» **WHAT YOU NEED TO DO**
Please find the lines in the following records that hold "moments", and copy them.

» **INFORMATION PROVIDED**
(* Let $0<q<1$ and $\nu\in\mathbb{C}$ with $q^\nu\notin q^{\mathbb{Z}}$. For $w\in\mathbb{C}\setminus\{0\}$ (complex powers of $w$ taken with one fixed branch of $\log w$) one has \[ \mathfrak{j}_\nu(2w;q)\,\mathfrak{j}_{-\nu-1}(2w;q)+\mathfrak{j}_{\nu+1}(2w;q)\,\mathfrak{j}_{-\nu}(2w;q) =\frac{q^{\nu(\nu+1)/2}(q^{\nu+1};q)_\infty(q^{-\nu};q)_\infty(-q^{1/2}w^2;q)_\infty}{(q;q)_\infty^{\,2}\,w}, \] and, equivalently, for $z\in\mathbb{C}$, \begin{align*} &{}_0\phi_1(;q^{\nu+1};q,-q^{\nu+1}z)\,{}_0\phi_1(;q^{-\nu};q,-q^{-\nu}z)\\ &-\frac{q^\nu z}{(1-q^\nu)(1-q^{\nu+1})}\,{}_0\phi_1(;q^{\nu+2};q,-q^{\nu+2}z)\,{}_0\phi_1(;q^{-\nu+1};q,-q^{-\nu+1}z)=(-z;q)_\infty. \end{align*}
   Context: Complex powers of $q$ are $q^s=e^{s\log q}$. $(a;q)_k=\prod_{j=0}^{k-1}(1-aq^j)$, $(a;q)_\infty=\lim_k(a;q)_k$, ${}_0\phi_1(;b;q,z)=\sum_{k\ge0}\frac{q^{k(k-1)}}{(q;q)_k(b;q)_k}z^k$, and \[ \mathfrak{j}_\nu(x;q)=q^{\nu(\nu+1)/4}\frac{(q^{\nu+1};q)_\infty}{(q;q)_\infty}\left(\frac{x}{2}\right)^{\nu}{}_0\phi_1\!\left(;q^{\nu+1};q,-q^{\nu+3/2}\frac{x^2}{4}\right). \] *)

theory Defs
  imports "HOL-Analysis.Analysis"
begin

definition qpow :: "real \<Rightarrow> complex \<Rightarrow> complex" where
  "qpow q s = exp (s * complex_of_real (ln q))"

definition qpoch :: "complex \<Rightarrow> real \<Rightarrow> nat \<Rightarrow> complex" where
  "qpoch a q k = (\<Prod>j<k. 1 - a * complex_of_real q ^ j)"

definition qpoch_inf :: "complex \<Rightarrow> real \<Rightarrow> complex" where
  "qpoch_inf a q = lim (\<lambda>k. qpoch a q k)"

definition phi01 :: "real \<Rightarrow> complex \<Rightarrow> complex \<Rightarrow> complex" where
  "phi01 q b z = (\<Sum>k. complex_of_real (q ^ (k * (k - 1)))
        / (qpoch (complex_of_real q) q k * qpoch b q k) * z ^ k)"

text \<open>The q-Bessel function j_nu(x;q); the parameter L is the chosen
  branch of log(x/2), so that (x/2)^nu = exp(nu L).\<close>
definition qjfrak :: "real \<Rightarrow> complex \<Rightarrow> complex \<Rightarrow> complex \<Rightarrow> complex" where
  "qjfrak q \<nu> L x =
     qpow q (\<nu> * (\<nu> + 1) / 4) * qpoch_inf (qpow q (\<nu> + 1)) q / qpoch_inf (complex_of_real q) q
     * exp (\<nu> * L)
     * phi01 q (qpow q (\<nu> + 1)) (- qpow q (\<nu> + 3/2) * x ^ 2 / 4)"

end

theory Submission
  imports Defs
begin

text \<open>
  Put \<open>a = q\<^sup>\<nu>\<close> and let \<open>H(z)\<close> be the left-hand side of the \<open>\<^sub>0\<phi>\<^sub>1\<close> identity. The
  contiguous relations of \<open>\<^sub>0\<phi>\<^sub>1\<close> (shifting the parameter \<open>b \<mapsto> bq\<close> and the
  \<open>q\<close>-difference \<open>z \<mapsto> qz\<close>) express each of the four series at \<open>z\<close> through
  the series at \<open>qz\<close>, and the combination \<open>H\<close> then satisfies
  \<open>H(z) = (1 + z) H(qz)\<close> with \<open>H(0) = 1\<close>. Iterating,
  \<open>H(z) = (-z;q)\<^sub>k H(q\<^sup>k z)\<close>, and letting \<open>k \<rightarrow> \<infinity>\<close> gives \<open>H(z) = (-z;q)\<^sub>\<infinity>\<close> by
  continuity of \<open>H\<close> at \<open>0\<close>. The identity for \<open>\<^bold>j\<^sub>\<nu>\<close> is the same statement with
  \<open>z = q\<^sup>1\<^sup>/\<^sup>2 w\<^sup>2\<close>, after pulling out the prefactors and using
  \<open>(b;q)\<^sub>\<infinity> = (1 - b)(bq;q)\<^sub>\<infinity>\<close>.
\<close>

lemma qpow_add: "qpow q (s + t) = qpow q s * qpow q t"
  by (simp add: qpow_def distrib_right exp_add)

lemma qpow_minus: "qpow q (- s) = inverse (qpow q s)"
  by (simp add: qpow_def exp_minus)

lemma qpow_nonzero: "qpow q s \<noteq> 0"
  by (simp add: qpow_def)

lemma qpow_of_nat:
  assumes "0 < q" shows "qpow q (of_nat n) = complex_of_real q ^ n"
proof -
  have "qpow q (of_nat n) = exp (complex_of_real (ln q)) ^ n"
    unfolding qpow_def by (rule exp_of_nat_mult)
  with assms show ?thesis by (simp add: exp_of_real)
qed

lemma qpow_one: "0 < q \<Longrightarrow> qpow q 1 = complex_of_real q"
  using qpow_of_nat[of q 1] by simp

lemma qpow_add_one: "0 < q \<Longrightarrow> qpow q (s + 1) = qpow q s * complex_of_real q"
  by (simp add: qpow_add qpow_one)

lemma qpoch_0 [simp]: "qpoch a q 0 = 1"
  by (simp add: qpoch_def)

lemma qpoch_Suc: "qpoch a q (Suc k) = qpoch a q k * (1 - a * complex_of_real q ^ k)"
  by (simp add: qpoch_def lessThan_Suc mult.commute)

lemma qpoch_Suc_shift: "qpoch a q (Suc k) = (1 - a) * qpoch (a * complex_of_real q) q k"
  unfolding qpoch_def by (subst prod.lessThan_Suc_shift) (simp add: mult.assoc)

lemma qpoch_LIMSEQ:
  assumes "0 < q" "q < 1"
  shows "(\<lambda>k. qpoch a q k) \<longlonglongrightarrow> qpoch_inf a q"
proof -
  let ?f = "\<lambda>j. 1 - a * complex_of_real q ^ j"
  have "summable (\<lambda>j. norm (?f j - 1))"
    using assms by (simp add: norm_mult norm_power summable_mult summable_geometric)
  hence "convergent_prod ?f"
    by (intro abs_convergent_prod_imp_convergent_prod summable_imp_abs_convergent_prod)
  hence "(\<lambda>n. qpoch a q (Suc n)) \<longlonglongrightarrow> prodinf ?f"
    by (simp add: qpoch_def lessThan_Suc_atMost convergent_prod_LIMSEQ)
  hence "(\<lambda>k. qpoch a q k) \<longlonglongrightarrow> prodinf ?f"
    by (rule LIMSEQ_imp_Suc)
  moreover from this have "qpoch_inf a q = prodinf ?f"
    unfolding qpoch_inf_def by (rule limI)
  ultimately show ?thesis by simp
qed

...

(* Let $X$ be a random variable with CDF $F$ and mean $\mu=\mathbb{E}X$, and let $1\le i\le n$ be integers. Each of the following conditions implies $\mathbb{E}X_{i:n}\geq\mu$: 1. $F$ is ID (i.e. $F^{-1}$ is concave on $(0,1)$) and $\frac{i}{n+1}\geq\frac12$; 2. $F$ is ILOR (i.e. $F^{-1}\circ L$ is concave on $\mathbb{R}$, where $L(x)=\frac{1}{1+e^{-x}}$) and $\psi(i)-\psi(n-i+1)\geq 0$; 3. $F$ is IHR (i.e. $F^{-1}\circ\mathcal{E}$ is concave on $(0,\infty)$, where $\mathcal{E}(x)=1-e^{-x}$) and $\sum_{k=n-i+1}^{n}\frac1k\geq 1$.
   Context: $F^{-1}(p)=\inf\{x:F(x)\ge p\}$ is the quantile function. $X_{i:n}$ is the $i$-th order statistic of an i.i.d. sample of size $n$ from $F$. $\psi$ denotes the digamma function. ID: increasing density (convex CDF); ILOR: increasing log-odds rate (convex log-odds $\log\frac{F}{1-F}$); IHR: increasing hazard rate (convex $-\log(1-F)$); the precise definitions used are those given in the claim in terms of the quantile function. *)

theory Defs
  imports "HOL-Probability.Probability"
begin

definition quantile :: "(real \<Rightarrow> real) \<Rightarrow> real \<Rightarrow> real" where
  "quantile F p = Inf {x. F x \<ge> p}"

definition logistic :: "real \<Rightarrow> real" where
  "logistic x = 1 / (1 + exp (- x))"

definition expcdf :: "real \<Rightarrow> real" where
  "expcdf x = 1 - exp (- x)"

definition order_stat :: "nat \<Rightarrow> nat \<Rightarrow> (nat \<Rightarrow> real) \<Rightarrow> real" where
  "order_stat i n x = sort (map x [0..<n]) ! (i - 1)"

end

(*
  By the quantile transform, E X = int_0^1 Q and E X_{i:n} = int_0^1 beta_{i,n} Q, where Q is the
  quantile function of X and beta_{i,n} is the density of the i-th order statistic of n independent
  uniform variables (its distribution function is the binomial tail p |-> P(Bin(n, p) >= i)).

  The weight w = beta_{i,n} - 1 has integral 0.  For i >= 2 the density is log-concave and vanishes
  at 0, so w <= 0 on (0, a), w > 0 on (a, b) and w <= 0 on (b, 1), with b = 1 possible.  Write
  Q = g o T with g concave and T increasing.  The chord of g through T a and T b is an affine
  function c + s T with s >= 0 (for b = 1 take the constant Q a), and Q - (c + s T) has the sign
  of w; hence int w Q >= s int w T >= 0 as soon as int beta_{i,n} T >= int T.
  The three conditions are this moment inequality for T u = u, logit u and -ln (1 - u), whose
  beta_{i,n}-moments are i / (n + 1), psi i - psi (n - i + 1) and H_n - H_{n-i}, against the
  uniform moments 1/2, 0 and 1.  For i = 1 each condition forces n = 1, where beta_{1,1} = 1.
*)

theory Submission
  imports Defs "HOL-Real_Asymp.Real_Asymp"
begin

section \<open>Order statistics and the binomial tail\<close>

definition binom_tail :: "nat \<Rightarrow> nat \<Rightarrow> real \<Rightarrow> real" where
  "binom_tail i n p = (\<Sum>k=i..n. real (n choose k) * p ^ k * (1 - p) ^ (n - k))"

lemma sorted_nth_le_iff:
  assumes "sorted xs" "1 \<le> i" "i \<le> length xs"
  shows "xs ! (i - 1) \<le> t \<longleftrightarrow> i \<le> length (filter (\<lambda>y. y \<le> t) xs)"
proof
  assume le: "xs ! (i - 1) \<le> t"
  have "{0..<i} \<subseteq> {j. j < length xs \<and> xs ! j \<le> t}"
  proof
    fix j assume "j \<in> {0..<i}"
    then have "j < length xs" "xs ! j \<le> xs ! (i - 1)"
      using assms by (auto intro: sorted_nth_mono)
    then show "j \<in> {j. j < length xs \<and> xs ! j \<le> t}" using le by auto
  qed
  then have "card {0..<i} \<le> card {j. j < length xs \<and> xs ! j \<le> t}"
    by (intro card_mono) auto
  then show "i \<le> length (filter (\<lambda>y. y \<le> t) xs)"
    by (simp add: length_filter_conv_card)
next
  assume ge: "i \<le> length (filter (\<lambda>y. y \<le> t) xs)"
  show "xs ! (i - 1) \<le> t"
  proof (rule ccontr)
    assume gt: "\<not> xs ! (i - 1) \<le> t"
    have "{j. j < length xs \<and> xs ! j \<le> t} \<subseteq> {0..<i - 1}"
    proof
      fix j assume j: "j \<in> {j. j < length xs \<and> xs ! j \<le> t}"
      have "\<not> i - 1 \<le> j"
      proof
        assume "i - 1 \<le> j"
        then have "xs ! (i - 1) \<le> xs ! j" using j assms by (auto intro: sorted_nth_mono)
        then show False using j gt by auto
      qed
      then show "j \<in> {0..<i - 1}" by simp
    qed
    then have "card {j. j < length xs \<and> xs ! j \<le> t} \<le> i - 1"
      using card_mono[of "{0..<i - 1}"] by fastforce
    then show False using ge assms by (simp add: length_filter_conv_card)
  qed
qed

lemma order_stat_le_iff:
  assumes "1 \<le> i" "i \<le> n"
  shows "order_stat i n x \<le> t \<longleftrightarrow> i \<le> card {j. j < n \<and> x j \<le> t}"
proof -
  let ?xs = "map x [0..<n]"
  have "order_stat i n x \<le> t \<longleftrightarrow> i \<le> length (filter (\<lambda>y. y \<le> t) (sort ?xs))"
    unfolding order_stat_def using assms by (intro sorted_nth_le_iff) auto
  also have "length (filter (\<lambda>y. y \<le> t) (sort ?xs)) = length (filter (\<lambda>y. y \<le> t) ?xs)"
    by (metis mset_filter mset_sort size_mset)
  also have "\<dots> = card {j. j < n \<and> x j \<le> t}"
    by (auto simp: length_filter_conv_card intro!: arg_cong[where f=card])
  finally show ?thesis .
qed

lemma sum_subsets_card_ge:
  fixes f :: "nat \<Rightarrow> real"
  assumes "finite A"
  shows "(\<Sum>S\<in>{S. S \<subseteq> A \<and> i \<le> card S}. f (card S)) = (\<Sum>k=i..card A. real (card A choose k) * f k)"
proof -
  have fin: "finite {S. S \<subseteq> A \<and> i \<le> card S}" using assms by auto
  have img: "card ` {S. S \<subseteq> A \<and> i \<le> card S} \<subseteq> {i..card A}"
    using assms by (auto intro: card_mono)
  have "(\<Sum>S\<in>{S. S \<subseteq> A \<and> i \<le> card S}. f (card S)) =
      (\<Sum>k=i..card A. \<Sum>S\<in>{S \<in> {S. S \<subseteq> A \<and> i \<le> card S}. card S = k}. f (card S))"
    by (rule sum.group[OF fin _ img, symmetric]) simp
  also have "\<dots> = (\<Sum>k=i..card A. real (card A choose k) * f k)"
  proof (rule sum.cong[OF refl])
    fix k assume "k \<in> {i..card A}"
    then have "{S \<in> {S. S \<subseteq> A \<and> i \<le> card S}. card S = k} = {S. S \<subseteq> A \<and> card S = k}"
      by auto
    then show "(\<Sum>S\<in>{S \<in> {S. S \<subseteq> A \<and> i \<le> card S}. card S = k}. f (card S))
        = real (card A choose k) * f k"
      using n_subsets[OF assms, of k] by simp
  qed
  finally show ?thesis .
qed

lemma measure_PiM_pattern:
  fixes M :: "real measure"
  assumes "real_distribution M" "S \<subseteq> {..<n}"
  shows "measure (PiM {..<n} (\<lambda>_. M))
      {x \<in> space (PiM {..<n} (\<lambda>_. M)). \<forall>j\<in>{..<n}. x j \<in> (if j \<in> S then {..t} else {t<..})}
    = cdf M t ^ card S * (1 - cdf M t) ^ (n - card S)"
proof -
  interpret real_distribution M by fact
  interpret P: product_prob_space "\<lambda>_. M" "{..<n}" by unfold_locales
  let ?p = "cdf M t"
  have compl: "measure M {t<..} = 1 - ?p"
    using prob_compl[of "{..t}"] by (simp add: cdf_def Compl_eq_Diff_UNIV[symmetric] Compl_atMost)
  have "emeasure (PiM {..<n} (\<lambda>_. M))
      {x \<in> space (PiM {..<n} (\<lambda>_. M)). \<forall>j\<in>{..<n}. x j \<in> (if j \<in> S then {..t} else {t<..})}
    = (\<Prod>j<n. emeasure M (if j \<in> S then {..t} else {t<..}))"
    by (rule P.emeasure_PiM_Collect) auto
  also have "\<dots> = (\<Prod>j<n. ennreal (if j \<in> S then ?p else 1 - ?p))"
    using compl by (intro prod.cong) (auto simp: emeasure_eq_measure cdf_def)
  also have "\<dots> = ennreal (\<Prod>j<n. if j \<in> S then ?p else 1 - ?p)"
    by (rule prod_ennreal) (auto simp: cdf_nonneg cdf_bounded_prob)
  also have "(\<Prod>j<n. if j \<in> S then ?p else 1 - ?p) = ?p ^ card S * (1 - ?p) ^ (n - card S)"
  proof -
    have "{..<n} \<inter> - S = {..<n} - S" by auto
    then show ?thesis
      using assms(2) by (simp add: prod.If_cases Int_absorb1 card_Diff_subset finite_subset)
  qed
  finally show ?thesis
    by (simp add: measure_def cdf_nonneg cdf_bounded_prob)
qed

» **PROBLEM SOLUTION**
  beta_{i,n}-moments are i / (n + 1), psi i - psi (n - i + 1) and H_n - H_{n-i}, against the
  uniform moments 1/2, 0 and 1.  For i = 1 each condition forces n = 1, where beta_{1,1} = 1.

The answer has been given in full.